*** LISTED RECORDS Section Begins ***

lemma funpow_conj_by:
  assumes "t \<in> carrier G" and "a \<in> carrier G"
  shows "(conj_by G t ^^ j) a = conj_by G (t [^] int j) a"
proof (induction j)
  case (Suc j)
  then show ?case
    using conj_by_int_pow_add[OF assms, of 1 "int j"] assms by (simp add: add.commute)
qed (simp add: assms conj_by_def)

lemma inner_automorphism_iso:
  assumes "a \<in> carrier G"
  shows "(\<lambda>z. a \<otimes> z \<otimes> inv a) \<in> iso G G"
proof (rule isoI)
  show "(\<lambda>z. a \<otimes> z \<otimes> inv a) \<in> hom G G"
    by (rule homI) (simp_all add: assms m_assoc)
  show "bij_betw (\<lambda>z. a \<otimes> z \<otimes> inv a) (carrier G) (carrier G)"
    using conjugation_is_bij[OF assms] by (rule bij_betw_cong[THEN iffD1, rotated]) simp
qed

lemma twisted_inner_mult_commuting:
  assumes "a \<in> carrier G" "b \<in> carrier G" "g \<in> carrier G" and "a \<otimes> b = b \<otimes> a"
  shows "inv (b \<otimes> g) \<otimes> (a \<otimes> (b \<otimes> g) \<otimes> inv a) = conj_by G g a \<otimes> inv a"
proof -
  have "inv (b \<otimes> g) \<otimes> (a \<otimes> (b \<otimes> g) \<otimes> inv a) = inv g \<otimes> (inv b \<otimes> (a \<otimes> b)) \<otimes> g \<otimes> inv a"
    using assms(1-3) by (simp add: inv_mult_group m_assoc)
  also have "inv b \<otimes> (a \<otimes> b) = a"
    by (metis assms(1,2,4) inv_mult_cancel_left)
  finally show ?thesis unfolding conj_by_def .
qed

end

locale abelian_by_cyclic = normal A G for A and G (structure) +
  fixes t
  assumes abelian: "\<And>x y. x \<in> A \<Longrightarrow> y \<in> A \<Longrightarrow> x \<otimes> y = y \<otimes> x"
    and generator_closed [simp]: "t \<in> carrier G"
    and quotient_generated: "carrier (G Mod A) = generate (G Mod A) {A #> t}"
begin

lemma comm_group_normal_subgroup: "comm_group (G\<lparr>carrier := A\<rparr>)"
  by (rule group.group_comm_groupI[OF subgroup_imp_group[OF subgroup_axioms]]) (simp add: abelian)

lemma conj_by_mem: "g \<in> carrier G \<Longrightarrow> a \<in> A \<Longrightarrow> conj_by G g a \<in> A"
  unfolding conj_by_def by (rule inv_op_closed1)

lemma decompose_mult_generator_pow:
  assumes "z \<in> carrier G"
  shows "\<exists>b\<in>A. \<exists>k::int. z = b \<otimes> t [^] k"
proof -
  interpret Q: group "G Mod A" by (rule factorgroup_is_group)
  have hom: "(\<lambda>x. A #> x) \<in> hom G (G Mod A)" by (rule r_coset_hom_Mod)
  have t: "A #> t \<in> carrier (G Mod A)" and "A #> z \<in> carrier (G Mod A)"
    using hom assms by (auto simp: hom_def)
  then have "A #> z \<in> generate (G Mod A) {A #> t}"
    using quotient_generated by simp
  then obtain k :: int where "A #> z = (A #> t) [^]\<^bsub>G Mod A\<^esub> k"
    unfolding Q.generate_pow[OF t] by blast
  then have "A #> z = A #> t [^] k"
    using hom_int_pow[OF hom generator_closed is_group Q.is_group] by simp
  then have "z \<in> A #> t [^] k"
    using rcos_self[OF assms subgroup_axioms] by simp
  then show ?thesis unfolding r_coset_def by blast
qed

lemma generator_pow_order_mem:
  assumes "finite (carrier (G Mod A))"
  shows "t [^] order (G Mod A) \<in> A"
proof -
  interpret Q: group "G Mod A" by (rule factorgroup_is_group)
  have hom: "(\<lambda>x. A #> x) \<in> hom G (G Mod A)" by (rule r_coset_hom_Mod)
  have "A #> t \<in> carrier (G Mod A)" using hom by (auto simp: hom_def)
  then have "(A #> t) [^]\<^bsub>G Mod A\<^esub> order (G Mod A) = \<one>\<^bsub>G Mod A\<^esub>"
    using Q.pow_order_eq_1 assms by blast
  then have "A #> t [^] order (G Mod A) = A"
    using hom_nat_pow[OF hom generator_closed is_group Q.is_group] by simp
  then show ?thesis
    using rcos_self[OF _ subgroup_axioms, of "t [^] order (G Mod A)"] by simp
qed

lemma conj_by_generator_periodic:
  assumes "t [^] m \<in> A" and "a \<in> A"
  shows "conj_by G (t [^] (j + int m)) a = conj_by G (t [^] j) a"
proof -
  have "conj_by G (t [^] int m) a = a"
    using assms abelian[of a "t [^] m"] by (simp add: conj_by_def int_pow_int m_assoc)
  then show ?thesis
    using conj_by_int_pow_add[of t a j "int m"] assms by simp
qed
lemma strongly_convex_quadratic_growth:
  fixes f :: "'a::euclidean_space \<Rightarrow> real"
  assumes "strongly_convex \<mu> f" and "convex \<Theta>"
    and star_in: "\<theta>star \<in> \<Theta>" and star_min: "\<forall>x\<in>\<Theta>. f \<theta>star \<le> f x"
    and x: "x \<in> \<Theta>"
  shows "norm (x - \<theta>star) ^ 2 \<le> 4 / \<mu> * (f x - f \<theta>star)"
proof -
  have \<mu>: "0 < \<mu>" and cv: "convex_on UNIV (\<lambda>x. f x - \<mu> / 2 * (norm x)\<^sup>2)"
    using assms(1) unfolding strongly_convex_def by auto
  define m where "m = (1 - 1 / 2) *\<^sub>R \<theta>star + (1 / 2 :: real) *\<^sub>R x"
  have "m \<in> \<Theta>"
    unfolding m_def by (rule convexD_alt[OF assms(2) star_in x]) auto
  then have "f \<theta>star \<le> f m" using star_min by blast
  moreover have "f m - \<mu> / 2 * (norm m)\<^sup>2
      \<le> (1 - 1 / 2) * (f \<theta>star - \<mu> / 2 * (norm \<theta>star)\<^sup>2) + 1 / 2 * (f x - \<mu> / 2 * (norm x)\<^sup>2)"
    unfolding m_def using convex_onD[OF cv, of "1 / 2" \<theta>star x] by simp
  moreover have "\<mu> * ((norm \<theta>star)\<^sup>2 / 2 + (norm x)\<^sup>2 / 2 - (norm m)\<^sup>2) = \<mu> * ((norm (x - \<theta>star))\<^sup>2 / 4)"
    unfolding m_def
    by (simp add: power2_norm_eq_inner inner_add inner_diff algebra_simps inner_commute)
  ultimately have "\<mu> / 4 * norm (x - \<theta>star) ^ 2 \<le> f x - f \<theta>star"
    by (simp add: algebra_simps)
  then show ?thesis using \<mu> by (simp add: field_simps)
qed

lemma cube_le_powr_of_square_le:
  fixes r b :: real
  assumes "0 \<le> r" and "r ^ 2 \<le> b"
  shows "r ^ 3 \<le> b powr (3 / 2)"
proof -
  have "r ^ 3 = (r ^ 2) powr (3 / 2)"
  proof (cases "r = 0")
    case False
    with assms(1) have "0 < r" by simp
    then have "(r ^ 2) powr (3 / 2) = (r powr 2) powr (3 / 2)" by simp
    also have "\<dots> = r powr 3" by (simp add: powr_powr)
    also have "\<dots> = r ^ 3" using \<open>0 < r\<close> by simp
    finally show ?thesis by simp
  qed simp
  also have "\<dots> \<le> b powr (3 / 2)"
    using assms by (intro powr_mono2) auto
  finally show ?thesis .
qed

text \<open>The constant uses \<open>M + 1\<close> so that it stays positive when \<open>M = 0\<close>.\<close>

lemma cubic_step_superlinear:
  fixes f :: "'a::euclidean_space \<Rightarrow> real"
  assumes strongly_convex: "strongly_convex \<mu> f" and "convex \<Theta>"
    and "\<theta>star \<in> \<Theta>" and star_min: "\<forall>x\<in>\<Theta>. f \<theta>star \<le> f x"
    and "0 \<le> M" and "\<kappa> \<in> \<Theta>"
    and cubic: "f \<theta>' \<le> f \<theta>star + M / 6 * norm (\<theta>star - \<kappa>) ^ 3"
  shows "f \<theta>' - f \<theta>star \<le> (M + 1) / 6 * (4 / \<mu>) powr (3/2) * (f \<kappa> - f \<theta>star) powr (3/2)"
proof -
  define e where "e = f \<kappa> - f \<theta>star"
  have \<mu>: "0 < \<mu>" using strongly_convex unfolding strongly_convex_def by simp
  have "0 \<le> e" unfolding e_def using star_min \<open>\<kappa> \<in> \<Theta>\<close> by simp
  have growth: "norm (\<kappa> - \<theta>star) ^ 3 \<le> (4 / \<mu> * e) powr (3/2)"
    unfolding e_def
    by (intro cube_le_powr_of_square_le strongly_convex_quadratic_growth) (use assms in simp_all)
  have "f \<theta>' - f \<theta>star \<le> M / 6 * norm (\<kappa> - \<theta>star) ^ 3"
    using cubic by (simp add: norm_minus_commute)
  also have "\<dots> \<le> M / 6 * (4 / \<mu> * e) powr (3/2)"
    using \<open>0 \<le> M\<close> by (intro mult_left_mono growth) simp
  also have "\<dots> = M / 6 * ((4 / \<mu>) powr (3/2) * e powr (3/2))"
    using \<mu> \<open>0 \<le> e\<close> powr_mult[of "4 / \<mu>" e "3/2"] by simp
  also have "\<dots> \<le> (M + 1) / 6 * ((4 / \<mu>) powr (3/2) * e powr (3/2))"
    by (intro mult_right_mono) simp_all
  finally show ?thesis unfolding e_def by simp
qed
(* There exists a (non-linear) kernel $g$ of dimension $16$ whose partial distance sequence is $(D_{min}^{(0)},\dots,D_{min}^{(15)})=(1,2,2,2,2,4,4,4,6,6,6,8,8,8,8,16)$; consequently $E_{16}\ge E(g)=\frac1{16}\sum_{i=0}^{15}\log_{16}D_{min}^{(i)}\approx0.52742$.
   Context: A kernel of dimension $\ell$ is a bijection $g:\{0,1\}^\ell\to\{0,1\}^\ell$. ${\bf a}\bullet{\bf b}$ denotes concatenation, $d_H$ Hamming distance. Partial distances: $D_{min}^{(i)}=\min\{d_H(g({\bf w}\bullet 0\bullet{\bf u}),g({\bf w}\bullet 1\bullet {\bf v})) : {\bf w}\in\{0,1\}^i,\ {\bf u},{\bf v}\in\{0,1\}^{\ell-i-1}\}$, $i=0,\dots,\ell-1$; exponent $E(g)=\frac1\ell\sum_{i=0}^{\ell-1}\log_\ell D_{min}^{(i)}$; $E_\ell=\max_g E(g)$ over all kernels of dimension $\ell$. *)

theory Defs
  imports Complex_Main
begin

text \<open>Binary vectors of length l are modelled as bool lists of length l;
  concatenation is list append.\<close>

definition bvecs :: "nat \<Rightarrow> bool list set" where
  "bvecs l = {xs. length xs = l}"

definition hamming :: "bool list \<Rightarrow> bool list \<Rightarrow> nat" where
  "hamming xs ys = card {j. j < length xs \<and> xs ! j \<noteq> ys ! j}"

definition kernel :: "nat \<Rightarrow> (bool list \<Rightarrow> bool list) \<Rightarrow> bool" where
  "kernel l g \<longleftrightarrow> bij_betw g (bvecs l) (bvecs l)"

definition Dmin :: "nat \<Rightarrow> (bool list \<Rightarrow> bool list) \<Rightarrow> nat \<Rightarrow> nat" where
  "Dmin l g i = Min {hamming (g (w @ [False] @ u)) (g (w @ [True] @ v)) | w u v.
      w \<in> bvecs i \<and> u \<in> bvecs (l - i - 1) \<and> v \<in> bvecs (l - i - 1)}"

definition exponent :: "nat \<Rightarrow> (bool list \<Rightarrow> bool list) \<Rightarrow> real" where
  "exponent l g = (1 / real l) * (\<Sum>i<l. log (real l) (real (Dmin l g i)))"

definition best_exponent :: "nat \<Rightarrow> real" where
  "best_exponent l = Max {exponent l g | g. kernel l g}"

definition linear_kernel :: "nat \<Rightarrow> (bool list \<Rightarrow> bool list) \<Rightarrow> bool" where
  "linear_kernel l g \<longleftrightarrow> (\<forall>x\<in>bvecs l. \<forall>y\<in>bvecs l.
      g (map2 (\<noteq>) x y) = map2 (\<noteq>) (g x) (g y))"

end

theory Submission
  imports Defs "HOL-Library.FuncSet"
begin

(* The kernel g of dimension 16 is a Gray image of a Z4-linear map.  Read the 16 input bits as
   eight Z4-symbols s_k = x_p + 2 x_(p+4), p = 0,1,2,3,8,9,10,11; multiply the symbol vector
   by a fixed invertible 8x8 matrix B over Z4; output the Gray images of the eight resulting
   symbols.  Since the Gray map is an isometry from Lee distance on Z4 to Hamming distance, the
   distance of g(x) and g(y) is the Lee weight of (s(x) - s(y)) B.  For a prefix length i the
   possible symbol differences s(w0u) - s(w1v) range over a product of explicit subsets of Z4,
   so each partial distance is a finite minimisation over Z4-vectors.  Lower bounds for the partial distances
   are certified by two checkable criteria (exhaustive enumeration, or pulling low-weight
   vectors back through the inverse C of B); they are evaluated together with explicit minimising
   witnesses.  The theorem then follows, together with the numerical value of the exponent,
   which rests on the bounds 1054/665 < log2 3 < 485/306. *)

lemma hamming_conv:
  "length xs = length ys \<Longrightarrow> hamming xs ys = length (filter (\<lambda>(a, b). a \<noteq> b) (zip xs ys))"
  unfolding hamming_def length_filter_conv_card by (auto intro!: arg_cong[where f = card])

lemma hamming_append:
  "length a = length c \<Longrightarrow> length b = length d \<Longrightarrow> hamming (a @ b) (c @ d) = hamming a c + hamming b d"
  by (simp add: hamming_conv)

lemma hamming_le_length: "hamming xs ys \<le> length xs"
proof -
  have "hamming xs ys \<le> card {..<length xs}" unfolding hamming_def by (rule card_mono) auto
  then show ?thesis by simp
qed

lemma hamming_self [simp]: "hamming xs xs = 0"
  by (simp add: hamming_def)

lemma finite_bvecs: "finite (bvecs n)"
proof -
  have "bvecs n = {xs. set xs \<subseteq> (UNIV :: bool set) \<and> length xs = n}" by (auto simp: bvecs_def)
  then show ?thesis using finite_lists_length_eq[of "UNIV :: bool set" n] by simp
qed

lemma first_difference:
  "length x = length y \<Longrightarrow> x \<noteq> y \<Longrightarrow>
   \<exists>w a u v. x = w @ [a] @ u \<and> y = w @ [\<not> a] @ v \<and> length u = length v"
proof (induction x arbitrary: y)
  case Nil then show ?case by simp
next
  case (Cons b x)
  then obtain c y' where y: "y = c # y'" by (cases y) auto
  show ?case
  proof (cases "b = c")
    case True
    then have "x \<noteq> y'" "length x = length y'" using Cons.prems y by auto
    then obtain w a u v where "x = w @ [a] @ u" "y' = w @ [\<not> a] @ v" "length u = length v"
      using Cons.IH by blast
    then show ?thesis using y True by (intro exI[of _ "b # w"]) auto
  next
    case False
    then show ?thesis using y Cons.prems by (intro exI[of _ "[]"]) auto
  qed
qed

*** LISTED RECORDS Section Ends ***

Output only an exact transcription of the lines above from the one with "carrier G \<Longrightarrow>" up to and including the one with "z \<in> generate".

lemma conj_by_mem: "g \<in> carrier G \<Longrightarrow> a \<in> A \<Longrightarrow> conj_by G g a \<in> A"
  unfolding conj_by_def by (rule inv_op_closed1)

lemma decompose_mult_generator_pow:
  assumes "z \<in> carrier G"
  shows "\<exists>b\<in>A. \<exists>k::int. z = b \<otimes> t [^] k"
proof -
  interpret Q: group "G Mod A" by (rule factorgroup_is_group)
  have hom: "(\<lambda>x. A #> x) \<in> hom G (G Mod A)" by (rule r_coset_hom_Mod)
  have t: "A #> t \<in> carrier (G Mod A)" and "A #> z \<in> carrier (G Mod A)"
    using hom assms by (auto simp: hom_def)
  then have "A #> z \<in> generate (G Mod A) {A #> t}"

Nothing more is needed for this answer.